#### [Exercise goal]
Give back each line below verbatim.

#### [Stored data]
(* For every positive integer $d$, the hypercube $Q_d$ satisfies $\chi_{\mathrm{so}}(Q_d)=2$ if $d$ is odd and $\chi_{\mathrm{so}}(Q_d)=4$ if $d$ is even.
   Context: $Q_d$ has vertex set $\{0,1\}^d$, two vertices adjacent iff they differ in exactly one coordinate. A strong odd coloring of a graph is a proper vertex coloring such that for each vertex $v$ every color appearing on the open neighborhood $N(v)$ occurs an odd number of times on $N(v)$; $\chi_{\mathrm{so}}$ is the minimum number of colors. *)

theory Defs
  imports Main
begin

text \<open>A graph is given by a vertex set V and a symmetric irreflexive adjacency
relation E (only its restriction to V matters). Open neighbourhood of v:\<close>

definition nbhd :: "'a set \<Rightarrow> ('a \<Rightarrow> 'a \<Rightarrow> bool) \<Rightarrow> 'a \<Rightarrow> 'a set" where
  "nbhd V E v = {u \<in> V. E v u}"

definition proper_coloring :: "'a set \<Rightarrow> ('a \<Rightarrow> 'a \<Rightarrow> bool) \<Rightarrow> ('a \<Rightarrow> 'c) \<Rightarrow> bool" where
  "proper_coloring V E c \<longleftrightarrow> (\<forall>u\<in>V. \<forall>v\<in>V. E u v \<longrightarrow> c u \<noteq> c v)"

definition strong_odd_coloring :: "'a set \<Rightarrow> ('a \<Rightarrow> 'a \<Rightarrow> bool) \<Rightarrow> ('a \<Rightarrow> 'c) \<Rightarrow> bool" where
  "strong_odd_coloring V E c \<longleftrightarrow> proper_coloring V E c \<and>
     (\<forall>v\<in>V. \<forall>a \<in> c ` nbhd V E v. odd (card {u \<in> nbhd V E v. c u = a}))"

definition chi_so :: "'a set \<Rightarrow> ('a \<Rightarrow> 'a \<Rightarrow> bool) \<Rightarrow> nat" where
  "chi_so V E = (LEAST k. \<exists>c :: 'a \<Rightarrow> nat. c ` V \<subseteq> {..<k} \<and> strong_odd_coloring V E c)"

definition cube_vertices :: "nat \<Rightarrow> bool list set" where
  "cube_vertices d = {xs. length xs = d}"

definition cube_adj :: "bool list \<Rightarrow> bool list \<Rightarrow> bool" where
  "cube_adj xs ys \<longleftrightarrow> length xs = length ys \<and>
     card {i. i < length xs \<and> xs ! i \<noteq> ys ! i} = 1"

end

theory Submission
  imports Defs
begin

text \<open>Colour a vertex by the parity of its weight: for odd d, all d neighbours of a
vertex receive the other colour. For even d, additionally recording the first coordinate
gives 4 colours, and on every neighbourhood the colour classes have sizes 1 and d - 1.

For the lower bound let d be even and suppose only 3 colours occur. The colour classes on
N(w) are odd and |N(w)| = d is even, so N(w) carries an even, nonzero number of colours,
none of them c(w): exactly the two others. Hence the number of b-coloured neighbours of w
is odd iff c(w) \<noteq> b. Summing this number over the neighbours of a fixed v counts the
pairs (i, j) with c(v + e_i + e_j) = b; this count is symmetric in (i, j) with diagonal
d \<cdot> [c(v) = b], hence even. So an even number of neighbours of v avoid b, and for
b \<noteq> c(v) the number of b-coloured neighbours of v is even, a contradiction.\<close>

lemma even_card_image_iff_odd_fibres:
  assumes "finite A" and "\<And>x. x \<in> A \<Longrightarrow> odd (card {y \<in> A. f y = f x})"
  shows "even (card (f ` A)) \<longleftrightarrow> even (card A)"
proof -
  have "card A = (\<Sum>b\<in>f ` A. card {x \<in> A. f x = b})"
    using sum.image_gen[OF assms(1), of "\<lambda>_. 1 :: nat" f] by simp
  also have "even \<dots> \<longleftrightarrow> even (card {b \<in> f ` A. odd (card {x \<in> A. f x = b})})"
    using assms(1) by (rule even_sum_iff[OF finite_imageI])
  also have "{b \<in> f ` A. odd (card {x \<in> A. f x = b})} = f ` A"
    using assms(2) by auto
  finally show ?thesis ..
qed

lemma sum_square_symmetric:
  fixes g :: "nat \<Rightarrow> nat \<Rightarrow> nat"
  assumes "\<And>i j. g i j = g j i"
  shows "(\<Sum>i<n. \<Sum>j<n. g i j) = (\<Sum>i<n. g i i) + 2 * (\<Sum>i<n. \<Sum>j<i. g i j)"
proof (induction n)
  case 0
  then show ?case by simp
next
  case (Suc n)
  have "(\<Sum>i<Suc n. \<Sum>j<Suc n. g i j)
      = (\<Sum>i<n. \<Sum>j<n. g i j) + (\<Sum>i<n. g i n) + (\<Sum>j<n. g n j) + g n n"
    by (simp add: sum.distrib)
  also have "(\<Sum>i<n. g i n) = (\<Sum>j<n. g n j)"
    using assms by simp
  finally show ?case
    using Suc by simp
qed

lemma chi_so_eqI:
  fixes c :: "'a \<Rightarrow> nat"
  assumes "c ` V \<subseteq> {..<k}" and "strong_odd_coloring V E c"
    and "\<And>c' :: 'a \<Rightarrow> nat. strong_odd_coloring V E c' \<Longrightarrow> k \<le> card (c' ` V)"
  shows "chi_so V E = k"
  unfolding chi_so_def
proof (rule Least_equality)
  show "\<exists>c :: 'a \<Rightarrow> nat. c ` V \<subseteq> {..<k} \<and> strong_odd_coloring V E c"
    using assms(1,2) by blast
next
  fix y
  assume "\<exists>c :: 'a \<Rightarrow> nat. c ` V \<subseteq> {..<y} \<and> strong_odd_coloring V E c"
  then obtain c' :: "'a \<Rightarrow> nat" where "c' ` V \<subseteq> {..<y}" and "strong_odd_coloring V E c'"
    by blast
  then show "k \<le> y"
    using assms(3) card_mono[OF finite_lessThan] by (metis card_lessThan order.trans)
qed

definition flip :: "nat \<Rightarrow> bool list \<Rightarrow> bool list" where
  "flip i xs = xs[i := \<not> xs ! i]"

lemma length_flip [simp]: "length (flip i xs) = length xs"
  by (simp add: flip_def)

#### [Written response]
(* For every positive integer $d$, the hypercube $Q_d$ satisfies $\chi_{\mathrm{so}}(Q_d)=2$ if $d$ is odd and $\chi_{\mathrm{so}}(Q_d)=4$ if $d$ is even.
   Context: $Q_d$ has vertex set $\{0,1\}^d$, two vertices adjacent iff they differ in exactly one coordinate. A strong odd coloring of a graph is a proper vertex coloring such that for each vertex $v$ every color appearing on the open neighborhood $N(v)$ occurs an odd number of times on $N(v)$; $\chi_{\mathrm{so}}$ is the minimum number of colors. *)

theory Defs
  imports Main
begin

text \<open>A graph is given by a vertex set V and a symmetric irreflexive adjacency
relation E (only its restriction to V matters). Open neighbourhood of v:\<close>

definition nbhd :: "'a set \<Rightarrow> ('a \<Rightarrow> 'a \<Rightarrow> bool) \<Rightarrow> 'a \<Rightarrow> 'a set" where
  "nbhd V E v = {u \<in> V. E v u}"

definition proper_coloring :: "'a set \<Rightarrow> ('a \<Rightarrow> 'a \<Rightarrow> bool) \<Rightarrow> ('a \<Rightarrow> 'c) \<Rightarrow> bool" where
  "proper_coloring V E c \<longleftrightarrow> (\<forall>u\<in>V. \<forall>v\<in>V. E u v \<longrightarrow> c u \<noteq> c v)"

definition strong_odd_coloring :: "'a set \<Rightarrow> ('a \<Rightarrow> 'a \<Rightarrow> bool) \<Rightarrow> ('a \<Rightarrow> 'c) \<Rightarrow> bool" where
  "strong_odd_coloring V E c \<longleftrightarrow> proper_coloring V E c \<and>
     (\<forall>v\<in>V. \<forall>a \<in> c ` nbhd V E v. odd (card {u \<in> nbhd V E v. c u = a}))"

definition chi_so :: "'a set \<Rightarrow> ('a \<Rightarrow> 'a \<Rightarrow> bool) \<Rightarrow> nat" where
  "chi_so V E = (LEAST k. \<exists>c :: 'a \<Rightarrow> nat. c ` V \<subseteq> {..<k} \<and> strong_odd_coloring V E c)"

definition cube_vertices :: "nat \<Rightarrow> bool list set" where
  "cube_vertices d = {xs. length xs = d}"

definition cube_adj :: "bool list \<Rightarrow> bool list \<Rightarrow> bool" where
  "cube_adj xs ys \<longleftrightarrow> length xs = length ys \<and>
     card {i. i < length xs \<and> xs ! i \<noteq> ys ! i} = 1"

end

theory Submission
  imports Defs
begin

text \<open>Colour a vertex by the parity of its weight: for odd d, all d neighbours of a
vertex receive the other colour. For even d, additionally recording the first coordinate
gives 4 colours, and on every neighbourhood the colour classes have sizes 1 and d - 1.

For the lower bound let d be even and suppose only 3 colours occur. The colour classes on
N(w) are odd and |N(w)| = d is even, so N(w) carries an even, nonzero number of colours,
none of them c(w): exactly the two others. Hence the number of b-coloured neighbours of w
is odd iff c(w) \<noteq> b. Summing this number over the neighbours of a fixed v counts the
pairs (i, j) with c(v + e_i + e_j) = b; this count is symmetric in (i, j) with diagonal
d \<cdot> [c(v) = b], hence even. So an even number of neighbours of v avoid b, and for
b \<noteq> c(v) the number of b-coloured neighbours of v is even, a contradiction.\<close>

lemma even_card_image_iff_odd_fibres:
  assumes "finite A" and "\<And>x. x \<in> A \<Longrightarrow> odd (card {y \<in> A. f y = f x})"
  shows "even (card (f ` A)) \<longleftrightarrow> even (card A)"
proof -
  have "card A = (\<Sum>b\<in>f ` A. card {x \<in> A. f x = b})"
    using sum.image_gen[OF assms(1), of "\<lambda>_. 1 :: nat" f] by simp
  also have "even \<dots> \<longleftrightarrow> even (card {b \<in> f ` A. odd (card {x \<in> A. f x = b})})"
    using assms(1) by (rule even_sum_iff[OF finite_imageI])
  also have "{b \<in> f ` A. odd (card {x \<in> A. f x = b})} = f ` A"
    using assms(2) by auto
  finally show ?thesis ..
qed

lemma sum_square_symmetric:
  fixes g :: "nat \<Rightarrow> nat \<Rightarrow> nat"
  assumes "\<And>i j. g i j = g j i"
  shows "(\<Sum>i<n. \<Sum>j<n. g i j) = (\<Sum>i<n. g i i) + 2 * (\<Sum>i<n. \<Sum>j<i. g i j)"
proof (induction n)
  case 0
  then show ?case by simp
next
  case (Suc n)
  have "(\<Sum>i<Suc n. \<Sum>j<Suc n. g i j)
      = (\<Sum>i<n. \<Sum>j<n. g i j) + (\<Sum>i<n. g i n) + (\<Sum>j<n. g n j) + g n n"
    by (simp add: sum.distrib)
  also have "(\<Sum>i<n. g i n) = (\<Sum>j<n. g n j)"
    using assms by simp
  finally show ?case
    using Suc by simp
qed

lemma chi_so_eqI:
  fixes c :: "'a \<Rightarrow> nat"
  assumes "c ` V \<subseteq> {..<k}" and "strong_odd_coloring V E c"
    and "\<And>c' :: 'a \<Rightarrow> nat. strong_odd_coloring V E c' \<Longrightarrow> k \<le> card (c' ` V)"
  shows "chi_so V E = k"
  unfolding chi_so_def
proof (rule Least_equality)
  show "\<exists>c :: 'a \<Rightarrow> nat. c ` V \<subseteq> {..<k} \<and> strong_odd_coloring V E c"
    using assms(1,2) by blast
next
  fix y
  assume "\<exists>c :: 'a \<Rightarrow> nat. c ` V \<subseteq> {..<y} \<and> strong_odd_coloring V E c"
  then obtain c' :: "'a \<Rightarrow> nat" where "c' ` V \<subseteq> {..<y}" and "strong_odd_coloring V E c'"
    by blast
  then show "k \<le> y"
    using assms(3) card_mono[OF finite_lessThan] by (metis card_lessThan order.trans)
qed

definition flip :: "nat \<Rightarrow> bool list \<Rightarrow> bool list" where
  "flip i xs = xs[i := \<not> xs ! i]"

lemma length_flip [simp]: "length (flip i xs) = length xs"
  by (simp add: flip_def)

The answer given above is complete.